TDF is used as general-purpose data serialization format for object
definitions and representations (and possibly other purposes). The data
model is roughly equivalent to JSON, but TDF is meant to be easily readable
and writable by humans, as well as being easily parsable and serializable
by computers. TDF is a superset of the popular RFC 5322 “name: value”
format, adding support for lists and nested content as well as for
Windows-INI-style “[section]” blocks (as syntactic sugar).

* There are two types of *values*: *compounds* and *atoms*.
* There are two types of *compounds*: *lists* and *maps*.
* There are two types of *lists*: *block lists* and *inline lists*.

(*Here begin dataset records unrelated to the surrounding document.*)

(* Assume the orthonormality assumption (A), let $T\ge 2$ and $z_{1:T}\in[V]^T$ with $z_T=q$ and $z_1\neq q$. Let $v_1\neq v_2$ in $[V]$ and suppose the only patterns "$q\,v$" occurring in $z_{1:T}$ are $q\,v_1$ and $q\,v_2$, i.e. $f(v)=0$ for all $v\notin\{v_1,v_2\}$, with $f(v_1)+f(v_2)\ge 1$. For fixed $\tau_3>0$ let $\xi^*_v=\lim_{\tau_2\to\infty}\lim_{\tau_1\to\infty}\xi_v(\tau_1,\tau_2,\tau_3)$. Then every maximizer of $v\mapsto\xi^*_v$ over $[V]$ belongs to $\{v_1,v_2\}\cup\operatorname{argmax}_{v\in[V]\setminus\{v_1,v_2\}}\pi_b(v\mid q)$.
   Context: Vocabulary $[V]=\{1,\dots,V\}$, dimension $d$. Given: embedding vectors $w_E(v)\in\mathbb R^d$ and unembedding vectors $w_U(v)\in\mathbb R^d$ for $v\in[V]$; relative positional vectors $r_0,r_{-1},\dots,r_{-(T-1)}\in\mathbb R^d$; matrices $\Phi_1,W_V^2\in\mathbb R^{d\times d}$; a bigram kernel $\pi_b(u\mid v)>0$ with $\sum_u\pi_b(u\mid v)=1$; parameters $\tau_1,\tau_2,\tau_3>0$. $\sigma$ denotes the softmax. The two-layer transformer with relative positional encoding ("stronger associative memory transformer") acts on $z_{1:T}\in[V]^T$ as follows. Set $W_K^1=\tau_1\sum_{k\in[V]}w_E(k)r_{-1}^\top$, $W_K^2=\tau_2\sum_{k\in[V]}w_E(k)(\Phi_1w_E(k))^\top$, $W_O^2=\tau_3\sum_{v\in[V]}w_U(v)(W_V^2w_E(v))^\top$. First layer: for $t\in[T]$ and $s\in[t]$, let $a_{t,s}=(w_E(z_s)+r_{s-t})^\top (W_K^1)^\top w_E(z_t)$ and $x^{(1)}_t=\sum_{s=1}^t\sigma(a_{t,\cdot})_s\,\Phi_1w_E(z_s)+w_E(z_t)$. Second layer: for $s\in[T]$ let $b_s=(x_s^{(1)})^\top (W_K^2)^\top x_T^{(1)}$ and $x_T^{(2)}=\sum_{s=1}^T\sigma(b)_s\,W_O^2W_V^2x_s^{(1)}+x_T^{(1)}$. Feed-forward layer: $W_1\in\mathbb R^{V\times d}$ has $v$-th row $w_E(v)^\top$, $W_2\in\mathbb R^{d\times V}$ has $v$-th column $\sum_{u=1}^V\log\pi_b(u\mid v)\,w_U(u)$, and $x_T=W_2\,\mathrm{ReLU}(W_1x_T^{(2)})+x_T^{(2)}$. The logits are $\xi_v=w_U(v)^\top x_T$ for $v\in[V]$ (written $\xi_v(\tau_1,\tau_2,\tau_3)$ to show dependence on the parameters). Orthonormality assumption (A): the $3V+T$ vectors $w_E(v),\ \Phi_1w_E(v),\ w_U(v)$ ($v\in[V]$) and $r_{-i}$ ($0\le i\le T-1$) form an orthonormal family in $\mathbb R^d$, and the $2V$ vectors $W_V^2w_E(v),\ W_V^2\Phi_1w_E(v)$ ($v\in[V]$) form an orthonormal family in $\mathbb R^d$. For $v\in[V]$, $f(v)=\#\{s\in\{2,\dots,T\}: z_{s-1}=q,\ z_s=v\}$. *)

theory Defs
  imports "HOL-Analysis.Analysis"
begin

text \<open>Vocabulary [V] = {1..V}, positions [T] = {1..T}.
  The relative positional vector r_{-i} (0 <= i <= T-1) is represented as r i.
  The bigram kernel pi_b(u | v) is represented as pib u v.\<close>

definition softmax :: "(nat \<Rightarrow> real) \<Rightarrow> nat set \<Rightarrow> nat \<Rightarrow> real" where
  "softmax a S s = exp (a s) / (\<Sum>s'\<in>S. exp (a s'))"

definition outer :: "real^'d \<Rightarrow> real^'d \<Rightarrow> real^'d^'d" where
  "outer a b = (\<chi> i j. a$i * b$j)"

definition relu :: "real \<Rightarrow> real" where
  "relu x = max 0 x"

definition WK1 :: "(nat \<Rightarrow> real^'d) \<Rightarrow> (nat \<Rightarrow> real^'d) \<Rightarrow> nat \<Rightarrow> real \<Rightarrow> real^'d^'d" where
  "WK1 wE r V \<tau>1 = \<tau>1 *\<^sub>R (\<Sum>k\<in>{1..V}. outer (wE k) (r 1))"

definition WK2 :: "(nat \<Rightarrow> real^'d) \<Rightarrow> real^'d^'d \<Rightarrow> nat \<Rightarrow> real \<Rightarrow> real^'d^'d" where
  "WK2 wE \<Phi>1 V \<tau>2 = \<tau>2 *\<^sub>R (\<Sum>k\<in>{1..V}. outer (wE k) (\<Phi>1 *v wE k))"

definition WO2 :: "(nat \<Rightarrow> real^'d) \<Rightarrow> (nat \<Rightarrow> real^'d) \<Rightarrow> real^'d^'d \<Rightarrow> nat \<Rightarrow> real \<Rightarrow> real^'d^'d" where
  "WO2 wE wU WV2 V \<tau>3 = \<tau>3 *\<^sub>R (\<Sum>v\<in>{1..V}. outer (wU v) (WV2 *v wE v))"

definition layer1 :: "(nat \<Rightarrow> real^'d) \<Rightarrow> (nat \<Rightarrow> real^'d) \<Rightarrow> real^'d^'d \<Rightarrow> nat
    \<Rightarrow> (nat \<Rightarrow> nat) \<Rightarrow> real \<Rightarrow> nat \<Rightarrow> real^'d" where
  "layer1 wE r \<Phi>1 V z \<tau>1 t =
     (\<Sum>s\<in>{1..t}. softmax (\<lambda>s. (WK1 wE r V \<tau>1 *v (wE (z s) + r (t - s))) \<bullet> wE (z t)) {1..t} s
                  *\<^sub>R (\<Phi>1 *v wE (z s))) + wE (z t)"

definition layer2 :: "(nat \<Rightarrow> real^'d) \<Rightarrow> (nat \<Rightarrow> real^'d) \<Rightarrow> (nat \<Rightarrow> real^'d) \<Rightarrow> real^'d^'d
    \<Rightarrow> real^'d^'d \<Rightarrow> nat \<Rightarrow> nat \<Rightarrow> (nat \<Rightarrow> nat) \<Rightarrow> real \<Rightarrow> real \<Rightarrow> real \<Rightarrow> real^'d" where
  "layer2 wE wU r \<Phi>1 WV2 V T z \<tau>1 \<tau>2 \<tau>3 =
     (let x1 = layer1 wE r \<Phi>1 V z \<tau>1 in
      (\<Sum>s\<in>{1..T}. softmax (\<lambda>s. (WK2 wE \<Phi>1 V \<tau>2 *v x1 s) \<bullet> x1 T) {1..T} s
                   *\<^sub>R (WO2 wE wU WV2 V \<tau>3 *v (WV2 *v x1 s))) + x1 T)"

text \<open>Output of the feed-forward layer x_T = W_2 ReLU(W_1 x^{(2)}_T) + x^{(2)}_T, where
  the v-th row of W_1 is wE(v)^T and the v-th column of W_2 is sum_u log pi_b(u|v) wU(u).\<close>
definition ffn_out :: "(nat \<Rightarrow> real^'d) \<Rightarrow> (nat \<Rightarrow> real^'d) \<Rightarrow> (nat \<Rightarrow> real^'d) \<Rightarrow> real^'d^'d
    \<Rightarrow> real^'d^'d \<Rightarrow> (nat \<Rightarrow> nat \<Rightarrow> real) \<Rightarrow> nat \<Rightarrow> nat \<Rightarrow> (nat \<Rightarrow> nat)
    \<Rightarrow> real \<Rightarrow> real \<Rightarrow> real \<Rightarrow> real^'d" where
  "ffn_out wE wU r \<Phi>1 WV2 pib V T z \<tau>1 \<tau>2 \<tau>3 =
     (let x2 = layer2 wE wU r \<Phi>1 WV2 V T z \<tau>1 \<tau>2 \<tau>3 in
      (\<Sum>v\<in>{1..V}. relu (wE v \<bullet> x2) *\<^sub>R (\<Sum>u\<in>{1..V}. ln (pib u v) *\<^sub>R wU u)) + x2)"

* *Block lists* contain one or more *block list items*. (Note: the *empty
  list*\ —a *list* with zero items—must be written as an *inline list*,
  since *block lists* must contain at least one item.)
* *Block list items* are either *simple items* or *complex items*. If a
  *block list item* spans multiple lines, all subsequent lines must be
  *deeper indented* than the first one. All *block list items* in a *block
  list* must start at the same *indentation level* (they must be preceded
  by the same amount of *inline whitespace*).

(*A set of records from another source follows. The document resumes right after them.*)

(* Assume (A1), (A2), (A4), (A5), (A6) and (A7) of the context. Then for $1\le k,\ell\le d$, $$\frac1{\sqrt n}\sum_{i=1}^n\Big\{R_{b_n,k}(Y_i)R_{b_n,\ell}(Y_i)+\frac{X_{i\ell}R_{b_n,k}(Y_i)f(Y_i)}{2f_{b_n}(Y_i)}+\frac{X_{ik}R_{b_n,\ell}(Y_i)f(Y_i)}{2f_{b_n}(Y_i)}$$ $$-\mathbb{E}\Big[R_{b_n,k}(Y)R_{b_n,\ell}(Y)+\frac{X_\ell R_{b_n,k}(Y)f(Y)}{2f_{b_n}(Y)}+\frac{X_kR_{b_n,\ell}(Y)f(Y)}{2f_{b_n}(Y)}\Big]\Big\}$$ $$=\frac1{\sqrt n}\sum_{i=1}^n\Big\{R_k(Y_i)R_\ell(Y_i)+\tfrac12X_{i\ell}R_k(Y_i)+\tfrac12X_{ik}R_\ell(Y_i)-2\,\mathbb{E}\big[R_k(Y)R_\ell(Y)\big]\Big\}+o_p(1).$$
   Context: Setting. $X=(X_1,\dots,X_d)^T$ is an $\mathbb{R}^d$-valued random vector and $Y$ a real random variable with density $f>0$ on $\mathbb{R}$; each $(X_j,Y)$ has joint density $f_{(X_j,Y)}$; $g_j(y)=\int xf_{(X_j,Y)}(x,y)dx$, $R_j=g_j/f$ (so $R_j(y)=\mathbb{E}(X_j\mid Y=y)$); $f,g_j\in L^2(\mathbb{R})$. $\{(X^{(i)},Y_i)\}_{i=1}^n$ i.i.d. sample of $(X,Y)$, $X^{(i)}=(X_{i1},\dots,X_{id})^T$. $\varphi$ father wavelet, $\psi$ associated mother wavelet forming (via $\varphi(\cdot-k)$, $2^{\ell/2}\psi(2^\ell\cdot-k)$) an orthonormal basis of $L^2(\mathbb{R})$; $K(x,y)=\sum_k\varphi(x-k)\varphi(y-k)$. $(j_n)$ increasing integers tending to $\infty$. $(b_n)$ positive, $b_n\to0$; $f_{b_n}=\max(f,b_n)$, $R_{b_n,j}=g_j/f_{b_n}$. $u_n\sim v_n$ means $u_n/v_n$ bounded away from $0$ and $\infty$ for large $n$. Assumptions. (A1) $\|X\|\le G$ for some $G>0$. (A2) $f,g_j$ three times differentiable; there exist a neighborhood $U$ of $0$ and $c>0$ with $|f^{(3)}(y+u)-f^{(3)}(y)|\le c|u|$, $|g_j^{(3)}(y+u)-g_j^{(3)}(y)|\le c|u|$ for all $y$, $u\in U$, $j$. (A4) $\varphi,\psi$ bounded, compactly supported. (A5) $|K(x,y)|\le\Phi(x-y)$, $\Phi\ge0$ bounded, compactly supported, symmetric, $\int u^2\Phi^2<\infty$, $\int|u|^k\Phi<\infty$ for $k\in\{0,1,4\}$; $\int K(x,y)(y-x)^kdy=0$ for all $x$, $k\in\{1,2,3\}$. (A6) $2^{-j_n}\sim n^{-c_1}$, $b_n\sim n^{-c_2}$, $0<c_2<1/10$, $1/8+c_2/4<c_1<1/4-c_2$. (A7) $\mathbb{E}[R_j^2(Y)]<\infty$ for all $j$, and $\sqrt n\,\mathbb{E}[|R_k(Y)R_\ell(Y)|\mathbf 1_{\{f(Y)\le a_n\}}]\to0$ for all $k,\ell$ and every positive $(a_n)$ with $a_n\sim b_n$. *)

theory Defs
  imports "HOL-Probability.Probability"
begin

definition L2 :: "(real \<Rightarrow> real) \<Rightarrow> bool" where
  "L2 h \<longleftrightarrow> h \<in> borel_measurable lborel \<and> integrable lborel (\<lambda>x. (h x)^2)"

definition l2_ip :: "(real \<Rightarrow> real) \<Rightarrow> (real \<Rightarrow> real) \<Rightarrow> real" where
  "l2_ip h1 h2 = (\<integral>x. h1 x * h2 x \<partial>lborel)"

definition wavelet_family ::
  "(real \<Rightarrow> real) \<Rightarrow> (real \<Rightarrow> real) \<Rightarrow> int + (nat \<times> int) \<Rightarrow> real \<Rightarrow> real" where
  "wavelet_family \<phi> \<psi> a = (case a of
      Inl k \<Rightarrow> (\<lambda>x. \<phi> (x - of_int k))
    | Inr lk \<Rightarrow> (\<lambda>x. 2 powr (real (fst lk) / 2) * \<psi> (2 ^ (fst lk) * x - of_int (snd lk))))"

definition is_wavelet_ONB :: "(real \<Rightarrow> real) \<Rightarrow> (real \<Rightarrow> real) \<Rightarrow> bool" where
  "is_wavelet_ONB \<phi> \<psi> \<longleftrightarrow>
     (\<forall>a. L2 (wavelet_family \<phi> \<psi> a)) \<and>
     (\<forall>a b. l2_ip (wavelet_family \<phi> \<psi> a) (wavelet_family \<phi> \<psi> b) = (if a = b then 1 else 0)) \<and>
     (\<forall>h. L2 h \<and> (\<forall>a. l2_ip h (wavelet_family \<phi> \<psi> a) = 0) \<longrightarrow> (AE x in lborel. h x = 0))"

definition wavelet_kernel :: "(real \<Rightarrow> real) \<Rightarrow> real \<Rightarrow> real \<Rightarrow> real" where
  "wavelet_kernel \<phi> x y = (\<Sum>\<^sub>\<infinity>k::int. \<phi> (x - of_int k) * \<phi> (y - of_int k))"

definition compact_support :: "(real \<Rightarrow> real) \<Rightarrow> bool" where
  "compact_support h \<longleftrightarrow> (\<exists>A. \<forall>x. A < \<bar>x\<bar> \<longrightarrow> h x = 0)"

* *Simple items* are introduced by a hyphen (-), followed by *whitespace*
  and an *atom*.
* *Complex items* are introduced by a plus sign (+), followed by
  *whitespace* and a *compound*.
* *Inline lists* are enclosed in curly brackets (“{…}”) and contain zero
  or more *inline list items*.
* *Inline list items* are *atoms* or *inline lists* (*inline lists* can
  contain nested *inline lists*, but they cannot contain *block lists* or
  *maps*).
* Successive *inline list items* are separated by a comma (,).
* *Maps* contain zero or more *pairs*. All *pairs* in a *map* must start at
  the same *indentation level* (they must be preceded by the same amount of
  *inline whitespace*).
* *Pairs* are either *simple pairs* or *complex pairs*. If a *pair* spans
  multiple lines, all subsequent lines must be *deeper indented* than the
  first one.
* *Simple pairs* contain a *key* followed by an *atom*, separated by a
  colon (:) followed by *whitespace*.
* *Complex pairs* contain a *key* followed by a *compound*, separated by
  two colons (::) followed by *whitespace*.

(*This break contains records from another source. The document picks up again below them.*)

lemma finite_basis_U: "\<exists>B. finite B \<and> B \<subseteq> U \<and> independent B \<and> span B = U"
proof -
  obtain G where G: "finite G" "U \<subseteq> span G"
    using U_subset_span_finite by blast
  obtain B where B: "B \<subseteq> U" "independent B" "U \<subseteq> span B" "card B = dim U"
    using basis_exists by blast
  have "finite B" using independent_span_bound[OF G(1) B(2)] B(1) G(2) by auto
  moreover have "span B = U"
    using B span_minimal[OF B(1) subspace_U] by auto
  ultimately show ?thesis using B by blast
qed

end

context J_module_coset
begin

lemma E_0_right: "E m 0 = 0" by (rule endo.linear_0[OF linear_E])

lemma inj_on_E_basis:
  assumes "B \<subseteq> U" "independent B"
  shows "inj_on (\<lambda>(m, v). E m v) (UNIV \<times> B)"
proof (rule inj_onI, clarify)
  fix m b m' b' assume b: "b \<in> B" "b' \<in> B" and eq: "E m b = E m' b'"
  have "E m b \<noteq> 0"
    using b(1) assms(2) dependent_zero E_eq_iff[of m b 0] E_0_right by auto
  moreover have "E m b \<in> W (lam + of_int_vec m)"
    using E_from_U b(1) assms(1) by auto
  moreover have "E m b \<in> W (lam + of_int_vec m')"
    unfolding eq using E_from_U b(2) assms(1) by auto
  ultimately have "lam + of_int_vec m = lam + of_int_vec m'"
    using weight_unique by blast
  then have "m = m'" by (simp add: of_int_vec_eq_iff)
  then show "m = m' \<and> b = b'" using eq E_eq_iff by simp
qed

* *Keys* are *atoms*. The *keys* of all *pairs* in the *maps* must be
  distinct—no *map* may contain the same *key* several times. *Integer*
  and *float* representations of the same numeric value are considered as
  identical (a *map* cannot contain the *keys* “3” and “3.0” at the same
  time).
* There are three types of *atoms*: *strings*, *numbers* and *literals*.
* There are three *literals* (all written without the surrounding quotes):
  “true”, “false” (representing the two Boolean values), and “null”
  (representing the null/nil/nothing value).
* There are two types of *numbers*: *integers* and *floats*. *Integers* are
  written like decimal integers in Polyps (cf. the ``decimal_lit`` rule
  above—octal and hexadecimal notations are not supported); *floats* are
  written as in Polyps (cf. the ``float_lit`` rule above).
* *Strings* are sequences of zero or more Unicode characters. If a
  *strings* looks like an *atom* of another kinds (a *number* or *literal*)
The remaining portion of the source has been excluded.